The list of big names targeted by the ETF — in addition to Buffett, Druckenmiller and Tepper — will also include Dan Loeb and Paul Singer, among others, although the fund's allocations may not necessarily reflect the actual stakes of these big investors.
“If you think about the hedge fund world today, there are groups that focus on specific areas of expertise,” said Doug Clinton, CEO and founder of Intelligent Alpha. “In some ways, we’re recreating the basics of that structure, where we have these different inspirations from investors that we really respect.”
While the product’s ambitions stand out as particularly bold — even for the world of ETFs — it’s the latest attempt by Wall Street to use AI as a tool to generate wealth for investors of all stripes. Some leveraged funds already use chatbots for research and investment processes, and say AI can significantly reduce the time spent on monotonous tasks.
There is little evidence that AI is displacing investment units en masse, and much remains to be resolved when it comes to problems like chatbots making things up in their responses.

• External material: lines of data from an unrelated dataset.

(* Let $H$ be a complex Hilbert space and $d$ a positive integer. Suppose that $A=(A_1,\ldots,A_d)$ is a $d$-tuple of commuting contractions on $H$ and $T=(T_1,\ldots,T_d)$ is the commuting operator-valued multishift on $\ell^2_H(\mathbb N^d)$ with operator weights $A^{(j)}_\alpha=A_j$ for all $\alpha\in\mathbb N^d$ and $j=1,\ldots,d$. Then $T$ satisfies the von Neumann's inequality if and only if $A$ satisfies the von Neumann's inequality.
   Context: $\mathbb N$ denotes the nonnegative integers; $\varepsilon_j\in\mathbb N^d$ has $1$ in the $j$-th place and $0$ elsewhere; $\mathbb D^d$ is the open unit polydisc. $\ell^2_H(\mathbb N^d)=\bigoplus_{\alpha\in\mathbb N^d}H$. Given bounded operators $A^{(j)}_\alpha:H\to H$, the operator-valued multishift with these operator weights is the $d$-tuple defined by $T_j(\oplus_\alpha x_\alpha)=\oplus_\alpha A^{(j)}_{\alpha-\varepsilon_j}x_{\alpha-\varepsilon_j}$ (the term being $0$ when $\alpha_j=0$). A commuting $d$-tuple $S$ of contractions satisfies the von Neumann's inequality if $\|p(S)\|\le\sup_{z\in\mathbb D^d}|p(z)|$ for every $p\in\mathbb C[z_1,\ldots,z_d]$, where $p(S)=\sum a_\alpha S_1^{\alpha_1}\cdots S_d^{\alpha_d}$ for $p=\sum a_\alpha z^\alpha$. *)

theory Defs
  imports "HOL-Analysis.Analysis" "HOL-Library.Function_Algebras"
begin

text \<open>A complex (pre-)Hilbert space is given explicitly by a carrier set V inside an
  abelian group type, a complex scalar multiplication smul and an inner product ip
  (linear in the first argument, conjugate-linear in the second).\<close>

definition hnorm :: "('h \<Rightarrow> 'h \<Rightarrow> complex) \<Rightarrow> 'h \<Rightarrow> real" where
  "hnorm ip x = sqrt (Re (ip x x))"

definition chilbert ::
  "'h::ab_group_add set \<Rightarrow> (complex \<Rightarrow> 'h \<Rightarrow> 'h) \<Rightarrow> ('h \<Rightarrow> 'h \<Rightarrow> complex) \<Rightarrow> bool" where
  "chilbert V smul ip \<longleftrightarrow>
     0 \<in> V \<and>
     (\<forall>x\<in>V. \<forall>y\<in>V. x + y \<in> V) \<and>
     (\<forall>a. \<forall>x\<in>V. smul a x \<in> V) \<and>
     (\<forall>x\<in>V. - x = smul (-1) x) \<and>
     (\<forall>a. \<forall>x\<in>V. \<forall>y\<in>V. smul a (x + y) = smul a x + smul a y) \<and>
     (\<forall>a b. \<forall>x\<in>V. smul (a + b) x = smul a x + smul b x) \<and>
     (\<forall>a b. \<forall>x\<in>V. smul a (smul b x) = smul (a * b) x) \<and>
     (\<forall>x\<in>V. smul 1 x = x) \<and>
     (\<forall>x\<in>V. \<forall>y\<in>V. \<forall>z\<in>V. ip (x + y) z = ip x z + ip y z) \<and>
     (\<forall>a. \<forall>x\<in>V. \<forall>y\<in>V. ip (smul a x) y = a * ip x y) \<and>
     (\<forall>x\<in>V. \<forall>y\<in>V. ip y x = cnj (ip x y)) \<and>
     (\<forall>x\<in>V. Im (ip x x) = 0 \<and> Re (ip x x) \<ge> 0) \<and>
     (\<forall>x\<in>V. ip x x = 0 \<longrightarrow> x = 0) \<and>
     (\<forall>X::nat \<Rightarrow> 'h. (\<forall>n. X n \<in> V) \<longrightarrow>
        (\<forall>e>0. \<exists>N. \<forall>m\<ge>N. \<forall>n\<ge>N. hnorm ip (X m - X n) < e) \<longrightarrow>
        (\<exists>L\<in>V. (\<lambda>n. hnorm ip (X n - L)) \<longlonglongrightarrow> 0))"

definition bounded_op ::
  "'h::ab_group_add set \<Rightarrow> (complex \<Rightarrow> 'h \<Rightarrow> 'h) \<Rightarrow> ('h \<Rightarrow> 'h \<Rightarrow> complex) \<Rightarrow> ('h \<Rightarrow> 'h) \<Rightarrow> bool" where
  "bounded_op V smul ip A \<longleftrightarrow>
     (\<forall>x\<in>V. A x \<in> V) \<and>
     (\<forall>x\<in>V. \<forall>y\<in>V. A (x + y) = A x + A y) \<and>
     (\<forall>a. \<forall>x\<in>V. A (smul a x) = smul a (A x)) \<and>
     (\<exists>K. \<forall>x\<in>V. hnorm ip (A x) \<le> K * hnorm ip x)"

definition opnorm :: "'h set \<Rightarrow> ('h \<Rightarrow> 'h \<Rightarrow> complex) \<Rightarrow> ('h \<Rightarrow> 'h) \<Rightarrow> real" where
  "opnorm V ip A = Sup ((\<lambda>x. hnorm ip (A x)) ` {x \<in> V. hnorm ip x \<le> 1})"

text \<open>d-tuples of operators are indexed by j < d (0-based).  Multi-indices in
  \<open>\<nat>^d\<close> are functions nat \<Rightarrow> nat vanishing at all j \<ge> d.\<close>

definition multi_idx :: "nat \<Rightarrow> (nat \<Rightarrow> nat) set" where
  "multi_idx d = {\<alpha>. \<forall>j\<ge>d. \<alpha> j = 0}"

definition polydisc :: "nat \<Rightarrow> (nat \<Rightarrow> complex) set" where
  "polydisc d = {z. \<forall>j<d. cmod (z j) < 1}"

text \<open>A polynomial p = \<Sum>\<alpha>\<in>F. a \<alpha> z^\<alpha> in d variables is given by a finite set F of
  multi-indices and coefficients a.\<close>

definition poly_eval :: "nat \<Rightarrow> (nat \<Rightarrow> nat) set \<Rightarrow> ((nat \<Rightarrow> nat) \<Rightarrow> complex) \<Rightarrow> (nat \<Rightarrow> complex) \<Rightarrow> complex" where
  "poly_eval d F a z = (\<Sum>\<alpha>\<in>F. a \<alpha> * (\<Prod>j<d. z j ^ \<alpha> j))"

definition mono_op :: "(nat \<Rightarrow> 'h \<Rightarrow> 'h) \<Rightarrow> nat \<Rightarrow> (nat \<Rightarrow> nat) \<Rightarrow> 'h \<Rightarrow> 'h" where
  "mono_op S d \<alpha> = foldr (\<lambda>j f. (S j ^^ \<alpha> j) \<circ> f) [0..<d] id"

There’s also no evidence yet that AI-driven investments have an edge over passive investing. Of the 16 AI-focused ETFs in the U.S. tracked by Bloomberg Intelligence, only one has narrowly outperformed the S&P 500 this year: the Franklin Intelligent Machines ETF. The fund has returned 19% while the benchmark U.S. stock index has gained 18% through its last close.
Furthermore, only one — the Global X Artificial Intelligence & Technology ETF — has attracted significant inflows, raising more than $1 billion this year. The runner-up, the Roundhill Generative AI & Technology ETF, has attracted $117 million. The rest have seen small positive or negative inflows year to date.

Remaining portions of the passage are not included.